The European Commission has proposed to provide Ireland with €1.5 million from the European Globalisation Adjustment Fund (EGF) to help 138 former workers of the jewellery firm Andersen Ireland Limited to find new jobs.
The money would also help 138 young people not in employment, education or training (NEETs) to find job opportunities, a possibility offered by the new EGF Regulation. The proposal now goes to the European Parliament and the EU’s Council of Ministers for approval.
The redundancies in the Rathkeale had a significant adverse impact on the local and regional economy. Andersen Ireland was a major employer in this mainly rural area, where it had been active for 37 years.
EU Commissioner for Employment, Social Affairs and Inclusion László Andor commented: “The manufacture of fashion jewellery in the EU has suffered from increased competition from countries outside the EU, particularly China. Today’s proposal would help to prepare 138 redundant workers in this sector for new jobs, and an equal number of young people for finding their way into the labour market”.
Ireland applied for support from the EGF following the dismissal of 171 workers in Andersen Ireland Limited, as a result of increased competition from fashion jewellery manufacturers elsewhere in the world.
The measures co-financed by the EGF would help the 138 workers facing the greatest difficulties and an equal number of NEETs to find jobs. They will receive occupational guidance and career planning assistance, enterprise and self-employment supports, training, second and third level education programmes, training grants and income supports.
The total estimated cost of the package is €2.5 million, of which the EGF would provide €1.5 million.
In June 2009, the EGF rules were revised to strengthen the role of the EGF as an early intervention instrument forming part of Europe’s response to the financial and economic crisis. The revised EGF Regulation entered into force on 2 July 2009 and the crisis criterion applied to all applications received from 1 May 2009 to 30 December 2011.

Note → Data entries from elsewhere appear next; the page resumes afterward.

(* Let $G$ be a bipartite graph and let $X$ be a vertex parameter. Then the token sliding $X$-reconfiguration graph $\mathcal{R}^{\mathrm{TS}}_X(G)$ is bipartite.
   Context: All graphs are finite and simple. A graph parameter $X$ is a vertex parameter if there is a property $x$ of vertex subsets such that for every graph $G$, $X(G)$ equals either (for every graph) the maximum, or (for every graph) the minimum, of $|B|$ over all $B\subseteq V(G)$ having property $x$ in $G$. The token sliding $X$-reconfiguration graph $\mathcal{R}^{\mathrm{TS}}_X(G)$ has as vertices all sets $S\subseteq V(G)$ with $|S|=X(G)$ having property $x$ in $G$; two such sets $S_1,S_2$ are adjacent iff there exist $v_1\in S_1\setminus S_2$, $v_2\in S_2\setminus S_1$ with $S_1\setminus\{v_1\}=S_2\setminus\{v_2\}$ and $v_1v_2\in E(G)$. *)

theory Defs
  imports Main
begin

definition simple_graph :: "'a set \<Rightarrow> 'a set set \<Rightarrow> bool" where
  "simple_graph V E \<longleftrightarrow> finite V \<and>
     (\<forall>e\<in>E. \<exists>u v. e = {u, v} \<and> u \<noteq> v \<and> u \<in> V \<and> v \<in> V)"

definition bipartite :: "'a set \<Rightarrow> 'a set set \<Rightarrow> bool" where
  "bipartite V E \<longleftrightarrow> (\<exists>A B. A \<union> B = V \<and> A \<inter> B = {} \<and>
     (\<forall>e\<in>E. \<exists>a\<in>A. \<exists>b\<in>B. e = {a, b}))"

definition vertex_parameter ::
  "('a set \<Rightarrow> 'a set set \<Rightarrow> nat) \<Rightarrow> ('a set \<Rightarrow> 'a set set \<Rightarrow> 'a set \<Rightarrow> bool) \<Rightarrow> bool" where
  "vertex_parameter X P \<longleftrightarrow>
     (\<forall>V E. simple_graph V E \<longrightarrow> X V E = Max {card B | B. B \<subseteq> V \<and> P V E B}) \<or>
     (\<forall>V E. simple_graph V E \<longrightarrow> X V E = Min {card B | B. B \<subseteq> V \<and> P V E B})"

definition TS_vertices ::
  "('a set \<Rightarrow> 'a set set \<Rightarrow> nat) \<Rightarrow> ('a set \<Rightarrow> 'a set set \<Rightarrow> 'a set \<Rightarrow> bool)
   \<Rightarrow> 'a set \<Rightarrow> 'a set set \<Rightarrow> 'a set set" where
  "TS_vertices X P V E = {S. S \<subseteq> V \<and> card S = X V E \<and> P V E S}"

definition TS_edges ::
  "('a set \<Rightarrow> 'a set set \<Rightarrow> nat) \<Rightarrow> ('a set \<Rightarrow> 'a set set \<Rightarrow> 'a set \<Rightarrow> bool)
   \<Rightarrow> 'a set \<Rightarrow> 'a set set \<Rightarrow> 'a set set set" where
  "TS_edges X P V E = {{S1, S2} | S1 S2. S1 \<in> TS_vertices X P V E \<and> S2 \<in> TS_vertices X P V E \<and>
     (\<exists>v1 v2. v1 \<in> S1 - S2 \<and> v2 \<in> S2 - S1 \<and> S1 - {v1} = S2 - {v2} \<and> {v1, v2} \<in> E)}"

end

theory Submission
  imports Defs
begin

text \<open>Sliding a token along an edge of a bipartite graph with sides A and B moves it from
  one side to the other, so it changes the number of tokens on A by exactly one. Hence the
  parity of that number properly 2-colours the token sliding graph.\<close>

lemma bipartiteI_crossing:
  assumes "\<And>e. e \<in> E \<Longrightarrow> \<exists>u\<in>V. \<exists>v\<in>V. e = {u, v} \<and> Q u \<and> \<not> Q v"
  shows "bipartite V E"
  unfolding bipartite_def
  by (rule exI[of _ "{x \<in> V. Q x}"], rule exI[of _ "{x \<in> V. \<not> Q x}"]) (use assms in blast)

lemma bipartite_edge_crosses:
  assumes "A \<inter> B = {}" "\<forall>e\<in>E. \<exists>a\<in>A. \<exists>b\<in>B. e = {a, b}" "{u, v} \<in> E"
  shows "u \<in> A \<longleftrightarrow> v \<notin> A"
proof -
  obtain a b where "a \<in> A" "b \<in> B" "{u, v} = {a, b}"
    using assms(2,3) by blast
  with assms(1) show ?thesis
    by (auto simp: doubleton_eq_iff)
qed

lemma card_Int_remove:
  assumes "finite S" "v \<in> S"
  shows "card (S \<inter> A) = card ((S - {v}) \<inter> A) + of_bool (v \<in> A)"
proof (cases "v \<in> A")
  case True
  then have "S \<inter> A = insert v ((S - {v}) \<inter> A)"
    using assms(2) by blast
  with True assms(1) show ?thesis
    by simp
next
  case False
  then have "S \<inter> A = (S - {v}) \<inter> A"
    by blast
  with False show ?thesis
    by simp
qed

lemma token_slide_flips_parity:
  assumes "finite S1" "finite S2" "v1 \<in> S1" "v2 \<in> S2" "S1 - {v1} = S2 - {v2}"
    and "v1 \<in> A \<longleftrightarrow> v2 \<notin> A"
  shows "even (card (S1 \<inter> A)) \<longleftrightarrow> odd (card (S2 \<inter> A))"
  using card_Int_remove[OF assms(1,3), of A] card_Int_remove[OF assms(2,4), of A] assms(5,6)
  by (cases "v1 \<in> A") auto

theorem theorem2p16:
  fixes V :: "'a set" and E :: "'a set set"
    and X :: "'a set \<Rightarrow> 'a set set \<Rightarrow> nat"
    and P :: "'a set \<Rightarrow> 'a set set \<Rightarrow> 'a set \<Rightarrow> bool"
  assumes "simple_graph V E"
    and "bipartite V E"
    and "vertex_parameter X P"
  shows "bipartite (TS_vertices X P V E) (TS_edges X P V E)"
proof -
  obtain A B where parts: "A \<inter> B = {}" "\<forall>e\<in>E. \<exists>a\<in>A. \<exists>b\<in>B. e = {a, b}"
    using assms(2) by (auto simp: bipartite_def)
  have "finite V"
    using assms(1) by (simp add: simple_graph_def)
  then have finite_tokens: "finite S" if "S \<in> TS_vertices X P V E" for S
    using that by (auto simp: TS_vertices_def intro: finite_subset)
  show ?thesis
  proof (rule bipartiteI_crossing[where Q = "\<lambda>S. even (card (S \<inter> A))"])
    fix e
    assume "e \<in> TS_edges X P V E"
    then obtain S1 S2 v1 v2 where e: "e = {S1, S2}"
        and S12: "S1 \<in> TS_vertices X P V E" "S2 \<in> TS_vertices X P V E"
        and slide: "v1 \<in> S1 - S2" "v2 \<in> S2 - S1" "S1 - {v1} = S2 - {v2}" "{v1, v2} \<in> E"
      unfolding TS_edges_def by blast
    have "even (card (S1 \<inter> A)) \<longleftrightarrow> odd (card (S2 \<inter> A))"
      using token_slide_flips_parity[OF finite_tokens[OF S12(1)] finite_tokens[OF S12(2)]]
        slide bipartite_edge_crosses[OF parts slide(4)] by blast
    with e S12 show "\<exists>S\<in>TS_vertices X P V E. \<exists>T\<in>TS_vertices X P V E.
        e = {S, T} \<and> even (card (S \<inter> A)) \<and> \<not> even (card (T \<inter> A))"
      by (metis insert_commute)
  qed
qed

end
lemma cut_right_block:
  assumes p: "p \<in> P" "A p v \<noteq> l" and u: "u \<in> Q" "A v u \<noteq> l" and q: "q \<in> Q" "A v q = l"
  shows "A u q = l"
proof (rule ccontr)
  assume ne: "A u q \<noteq> l"
  have d: "distinct [v, p, u, q]" using p u q ne cut v by auto
  have lt: "v < n" "p < n" "u < n" "q < n" using p u q cut W v by auto
  have "A v p = A v u" using cut_apex p u by blast
  moreover have "A p v = 1 - A v p" "A u v = 1 - A v u" "A q v = 1 - l" "A q u = 1 - A u q"
    using skew[of v p] skew[of v u] skew[of v q] skew[of u q] lt d q(2) by auto
  ultimately have "indecomposable_on {v, p, u, q}"
    using d ne p u q cut_value[OF p(1) u(1)] cut_value[OF p(1) q(1)]
      cut_value_rev[OF p(1) u(1)] cut_value_rev[OF p(1) q(1)]
    by (intro indecomposable_on_4I) auto
  moreover have "{v, p, u, q} \<subseteq> insert v W" "card {v, p, u, q} = 4" using p u q cut d by auto
  ultimately show False using no_small by blast
qed

lemma cut_left_block:
  assumes q: "q \<in> Q" "A v q \<noteq> l" and u: "u \<in> P" "A u v \<noteq> l" and p: "p \<in> P" "A p v = l"
  shows "A p u = l"
proof (rule ccontr)
  assume ne: "A p u \<noteq> l"
  have d: "distinct [v, u, q, p]" using p u q ne cut v by auto
  have lt: "v < n" "p < n" "u < n" "q < n" using p u q cut W v by auto
  have "A v u = A v q" using cut_apex u q by blast
  moreover have "A u v = 1 - A v u" "A q v = 1 - A v q" "A v p = 1 - l" "A u p = 1 - A p u"
    using skew[of v u] skew[of v q] skew[of p v] skew[of p u] lt d p(2) by auto
  ultimately have "indecomposable_on {v, u, q, p}"
    using d ne p u q cut_value[OF u(1) q(1)] cut_value[OF p(1) q(1)]
      cut_value_rev[OF u(1) q(1)] cut_value_rev[OF p(1) q(1)]
    by (intro indecomposable_on_4I) auto
  moreover have "{v, u, q, p} \<subseteq> insert v W" "card {v, u, q, p} = 4" using p u q cut d by auto
  ultimately show False using no_small by blast
qed

lemma constant_cut_insert_right:
  assumes p: "p \<in> P" "A p v \<noteq> l" and q: "q \<in> Q" "A v q = l"
  shows "constant_cut (insert v W) (insert v W - {q \<in> Q. A v q = l}) {q \<in> Q. A v q = l}"
proof (rule constant_cutI[where l = l])
  fix u q' assume u: "u \<in> insert v W - {q \<in> Q. A v q = l}" and q': "q' \<in> {q \<in> Q. A v q = l}"
  consider "u = v" | "u \<in> P" | "u \<in> Q" "A v u \<noteq> l" using u cut by auto
  then show "A u q' = l" using q' cut_value[of u q'] cut_right_block[OF p, of u q'] by cases auto
qed (use p q cut v in auto)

The Fund continues during the 2014-2020 period as an expression of EU solidarity, with further improvements to its functioning. Its scope has been expanded to include workers made redundant because of the economic crisis, as well as fixed-term workers, the self-employed, and, by way of derogation until the end of 2017, young people not in employment, education or training in regions eligible under the Youth Employment Initiative (YEI), which is the case in Ireland.